NAISS Medium Storage

Principal Investigator:

Jacob Höglund


Uppsala universitet

Start Date:


End Date:


Primary Classification:

10615: Evolutionary Biology

Secondary Classification:

10609: Genetics (medical to be 30107 and agricultural to be 40402)

Tertiary Classification:

10610: Bioinformatics and Systems Biology (methods development to be 10203)

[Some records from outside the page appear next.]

(* Let $\sigma\ge0$, $\gamma>0$, $V=\sqrt{1+\sigma}$, let $(n^\varepsilon,u^\varepsilon,\phi^\varepsilon)$ be the solitary wave solution, and set $\widetilde N_\varepsilon(\xi)=\frac{n^\varepsilon(\xi)-1}{\varepsilon}$, $\widetilde E_\varepsilon(\xi)=\frac{-(\phi^\varepsilon)'(\xi)}{\varepsilon}$, and $h(n)=\frac{(V+\gamma\varepsilon)^2}{n^3}-\frac{\sigma}{n}$. There exist positive constants $\varepsilon_0$, $C$, $\delta_0$, independent of $\varepsilon$ and $\xi$, such that: (1) for all $0<\varepsilon<\varepsilon_0$, \[ \widetilde N_\varepsilon(0)>2\gamma V^{-1},\quad 4\gamma^2>\widetilde E_\varepsilon'(0)>2\gamma^2,\quad \tfrac12<\sup_{\xi\in\mathbb{R}}h(n^\varepsilon(\xi))<\tfrac32, \] \[ \sup_{\xi\in\mathbb{R}}\big(|\widetilde N_\varepsilon'(\xi)|+|\widetilde E_\varepsilon(\xi)|+|\widetilde E_\varepsilon''(\xi)|\big)\le C; \] (2) if $0<\delta<\delta_0$ ($\delta$ independent of $\varepsilon$ and $\xi$), then for all $0<\varepsilon<\varepsilon_0$ and every $\xi$ at which $\widetilde N_\varepsilon(\xi)\le\delta$, one has $|\widetilde E_\varepsilon(\xi)|>\sqrt\gamma\,\widetilde N_\varepsilon(\xi)$.
   Context: For $\varepsilon>0$, consider the system in $\xi\in\mathbb{R}$: $-(V+\gamma\varepsilon)n'+(nu)'=0$, $-(V+\gamma\varepsilon)u'+uu'+\sigma n'/n=-\phi'$, $\varepsilon\phi''=e^\phi-n$, with $n\to1,u\to0,\phi\to0$ as $|\xi|\to\infty$. With $V=\sqrt{1+\sigma}$, for all sufficiently small $\varepsilon>0$ it has a non-trivial smooth solution unique up to translation; the "solitary wave solution" $(n^\varepsilon,u^\varepsilon,\phi^\varepsilon)$ is the translate that is even in $\xi$ and has all components strictly decreasing on $(0,\infty)$ (so $n^\varepsilon>1$, $\widetilde N_\varepsilon>0$ on $\mathbb{R}$ and $\widetilde E_\varepsilon\ge0$ on $[0,\infty)$). *)

theory Defs
  imports "HOL-Analysis.Analysis"
begin

definition smooth_fun :: "(real \<Rightarrow> real) \<Rightarrow> bool" where
  "smooth_fun f \<longleftrightarrow> (\<forall>k x. ((deriv ^^ k) f) differentiable (at x))"

definition solves_system ::
  "real \<Rightarrow> real \<Rightarrow> real \<Rightarrow> real \<Rightarrow> (real \<Rightarrow> real) \<Rightarrow> (real \<Rightarrow> real) \<Rightarrow> (real \<Rightarrow> real) \<Rightarrow> bool" where
  "solves_system \<sigma> \<gamma> V \<epsilon> n u \<phi> \<longleftrightarrow>
     smooth_fun n \<and> smooth_fun u \<and> smooth_fun \<phi> \<and>
     (\<forall>x. n x > 0) \<and>
     (\<forall>x. - (V + \<gamma> * \<epsilon>) * deriv n x + deriv (\<lambda>y. n y * u y) x = 0) \<and>
     (\<forall>x. - (V + \<gamma> * \<epsilon>) * deriv u x + u x * deriv u x + \<sigma> * deriv n x / n x
            = - deriv \<phi> x) \<and>
     (\<forall>x. \<epsilon> * deriv (deriv \<phi>) x = exp (\<phi> x) - n x) \<and>
     (n \<longlongrightarrow> 1) at_top \<and> (n \<longlongrightarrow> 1) at_bot \<and>
     (u \<longlongrightarrow> 0) at_top \<and> (u \<longlongrightarrow> 0) at_bot \<and>
     (\<phi> \<longlongrightarrow> 0) at_top \<and> (\<phi> \<longlongrightarrow> 0) at_bot"

definition solitary_wave ::
  "real \<Rightarrow> real \<Rightarrow> real \<Rightarrow> real \<Rightarrow> (real \<Rightarrow> real) \<Rightarrow> (real \<Rightarrow> real) \<Rightarrow> (real \<Rightarrow> real) \<Rightarrow> bool" where
  "solitary_wave \<sigma> \<gamma> V \<epsilon> n u \<phi> \<longleftrightarrow>
     solves_system \<sigma> \<gamma> V \<epsilon> n u \<phi> \<and>
     \<not> (n = (\<lambda>_. 1) \<and> u = (\<lambda>_. 0) \<and> \<phi> = (\<lambda>_. 0)) \<and>
     (\<forall>x. n (-x) = n x \<and> u (-x) = u x \<and> \<phi> (-x) = \<phi> x) \<and>
     (\<forall>x y. 0 < x \<longrightarrow> x < y \<longrightarrow> n y < n x \<and> u y < u x \<and> \<phi> y < \<phi> x)"
(* Let $F$ be a field, let $A_n$ be a Cayley--Dickson algebra over $F$ and $A_{n+1}=A_n\{\gamma_n\}$ for some $\gamma_n\in F^\times$. Let $a,b\in A_n$ be alternative elements of $A_n$, and assume that either $a\in F$, or $b\in F$, or $F+Fa=F+Fb$. Then $(a,b)$ is an alternative element of $A_{n+1}$.
   Context: For an $F$-algebra $B$ with involution $a\mapsto\bar a$ and $\gamma\in F^\times$, the Cayley--Dickson double $B\{\gamma\}$ is $B\times B$ with componentwise addition and scalar multiplication, product $(a,b)(c,d)=(ac+\gamma\bar d b,\ da+b\bar c)$ and involution $\overline{(a,b)}=(\bar a,-b)$. Cayley--Dickson algebras over $F$: $A_1=F[\ell_1:\ell_1^2=\ell_1+\mu]=F+F\ell_1$ with $\mu\in F$, $4\mu+1\neq 0$, and involution $\overline{\alpha+\beta\ell_1}=(\alpha+\beta)-\beta\ell_1$; then $A_{k+1}=A_k\{\gamma_k\}$ with $\gamma_k\in F^\times$. ($F$ is identified with $F\cdot 1$.) An element $a$ of an algebra $A$ is alternative if $a(ab)=a^2b$ and $(ba)a=ba^2$ for all $b\in A$. *)

theory Defs
  imports Main
begin

text \<open>Elements of the Cayley--Dickson algebra A_n over a field are encoded as
coordinate functions nat => 'a supported on indices < 2^n.
A_1 = F + F l1: coordinate 0 is the F-part, coordinate 1 the l1-part.
A_(k+1) = A_k x A_k: a pair (a,b) is stored with a in coordinates < 2^k and
b in coordinates 2^k .. 2^(k+1)-1.  The identity 1 (hence F = F*1) sits at
coordinate 0 at every level.  Level 0 (just F) is only an auxiliary base.\<close>

definition cd_carrier :: "nat \<Rightarrow> (nat \<Rightarrow> 'a::field) set" where
  "cd_carrier n = {x. \<forall>i. 2 ^ n \<le> i \<longrightarrow> x i = 0}"

definition cd_lo :: "nat \<Rightarrow> (nat \<Rightarrow> 'a::field) \<Rightarrow> nat \<Rightarrow> 'a" where
  "cd_lo n x = (\<lambda>i. if i < 2 ^ n then x i else 0)"

definition cd_hi :: "nat \<Rightarrow> (nat \<Rightarrow> 'a::field) \<Rightarrow> nat \<Rightarrow> 'a" where
  "cd_hi n x = (\<lambda>i. if i < 2 ^ n then x (i + 2 ^ n) else 0)"

definition cd_pair :: "nat \<Rightarrow> (nat \<Rightarrow> 'a::field) \<Rightarrow> (nat \<Rightarrow> 'a) \<Rightarrow> nat \<Rightarrow> 'a" where
  "cd_pair n a b = (\<lambda>i. if i < 2 ^ n then a i
                        else if i < 2 ^ Suc n then b (i - 2 ^ n) else 0)"

definition cd_add :: "(nat \<Rightarrow> 'a::field) \<Rightarrow> (nat \<Rightarrow> 'a) \<Rightarrow> nat \<Rightarrow> 'a" where
  "cd_add x y = (\<lambda>i. x i + y i)"

definition cd_smul :: "'a::field \<Rightarrow> (nat \<Rightarrow> 'a) \<Rightarrow> nat \<Rightarrow> 'a" where
  "cd_smul c x = (\<lambda>i. c * x i)"

definition cd_neg :: "(nat \<Rightarrow> 'a::field) \<Rightarrow> nat \<Rightarrow> 'a" where
  "cd_neg x = (\<lambda>i. - x i)"

definition cd_scalar :: "'a::field \<Rightarrow> nat \<Rightarrow> 'a" where
  "cd_scalar c = (\<lambda>i. if i = 0 then c else 0)"

fun cd_conj :: "nat \<Rightarrow> (nat \<Rightarrow> 'a::field) \<Rightarrow> nat \<Rightarrow> 'a" where
  "cd_conj 0 x = (\<lambda>i. if i = 0 then x 0 else 0)"
| "cd_conj (Suc 0) x = (\<lambda>i. if i = 0 then x 0 + x 1 else if i = 1 then - x 1 else 0)"
| "cd_conj (Suc (Suc n)) x =
     cd_pair (Suc n) (cd_conj (Suc n) (cd_lo (Suc n) x)) (cd_neg (cd_hi (Suc n) x))"

text \<open>Multiplication on A_n with parameters mu (for A_1) and gamma
(A_(k+1) = A_k{gamma k}).\<close>
fun cd_mul :: "'a::field \<Rightarrow> (nat \<Rightarrow> 'a) \<Rightarrow> nat \<Rightarrow> (nat \<Rightarrow> 'a) \<Rightarrow> (nat \<Rightarrow> 'a) \<Rightarrow> nat \<Rightarrow> 'a" where
  "cd_mul \<mu> \<gamma> 0 x y = (\<lambda>i. if i = 0 then x 0 * y 0 else 0)"
| "cd_mul \<mu> \<gamma> (Suc 0) x y =
     (\<lambda>i. if i = 0 then x 0 * y 0 + \<mu> * (x 1 * y 1)
          else if i = 1 then x 0 * y 1 + x 1 * y 0 + x 1 * y 1 else 0)"
| "cd_mul \<mu> \<gamma> (Suc (Suc n)) x y =
     (let m = Suc n; a = cd_lo m x; b = cd_hi m x; c = cd_lo m y; d = cd_hi m y in
      cd_pair m
        (cd_add (cd_mul \<mu> \<gamma> m a c) (cd_smul (\<gamma> m) (cd_mul \<mu> \<gamma> m (cd_conj m d) b)))
        (cd_add (cd_mul \<mu> \<gamma> m d a) (cd_mul \<mu> \<gamma> m b (cd_conj m c))))"

definition cd_alternative :: "'a::field \<Rightarrow> (nat \<Rightarrow> 'a) \<Rightarrow> nat \<Rightarrow> (nat \<Rightarrow> 'a) \<Rightarrow> bool" where
  "cd_alternative \<mu> \<gamma> n a \<longleftrightarrow> a \<in> cd_carrier n \<and>
     (\<forall>b\<in>cd_carrier n.
        cd_mul \<mu> \<gamma> n a (cd_mul \<mu> \<gamma> n a b) = cd_mul \<mu> \<gamma> n (cd_mul \<mu> \<gamma> n a a) b \<and>
        cd_mul \<mu> \<gamma> n (cd_mul \<mu> \<gamma> n b a) a = cd_mul \<mu> \<gamma> n b (cd_mul \<mu> \<gamma> n a a))"

definition cd_span1 :: "(nat \<Rightarrow> 'a::field) \<Rightarrow> (nat \<Rightarrow> 'a) set" where
  "cd_span1 a = {cd_add (cd_scalar \<alpha>) (cd_smul \<beta> a) | \<alpha> \<beta>. True}"

end

theory Submission
  imports Defs "HOL-Library.Function_Algebras"
begin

This project is to investigate the conservation genomics and fitness effects of structural variation in different bird species across the world, using both new pangenomic approaches with multiple de novo long-read assemblies, as well as read-mapping-based discovery of SVs using short-reads. The importance of specific demographic histories in shaping patterns of mutational load conferred by deleterious single nucleotide polymorphisms (SNPs) has received considerable attention in the recent past, few studies have investigated the corresponding fitness consequences of structural variation in distinct evolutionary lineages. Long- and short-read data is already available for two globally distributed ptarmigan species (Lagopus species).We have already performed heuristic-based filtering and rapid automated curation of short-read-discovered SVs callsets from102 re-sequenced individuals across two recently (~2 million years) diverged ptarmigan (Lagopus) species. Population genetic analyses of the resulting high-confidence SV callsets (27,644 deletions, 108 duplications, 96 inversions) reveal that the relative proportion of deleterious structural variants is consistently greater in small effective population sizes, but that the relative frequency of deleterious variants differs between population having experienced recent bottlenecks versus longer-term low Ne. Similar to SNPs, ratios of non-synonymous to synonymous polymorphisms in SVs are higher for historically small versus large populations, suggesting that many SVs may largely conform to nearly-neutral expectations. Future pangenomic approaches will continue these investigations in multiple newly sequenced and publicly available datasets.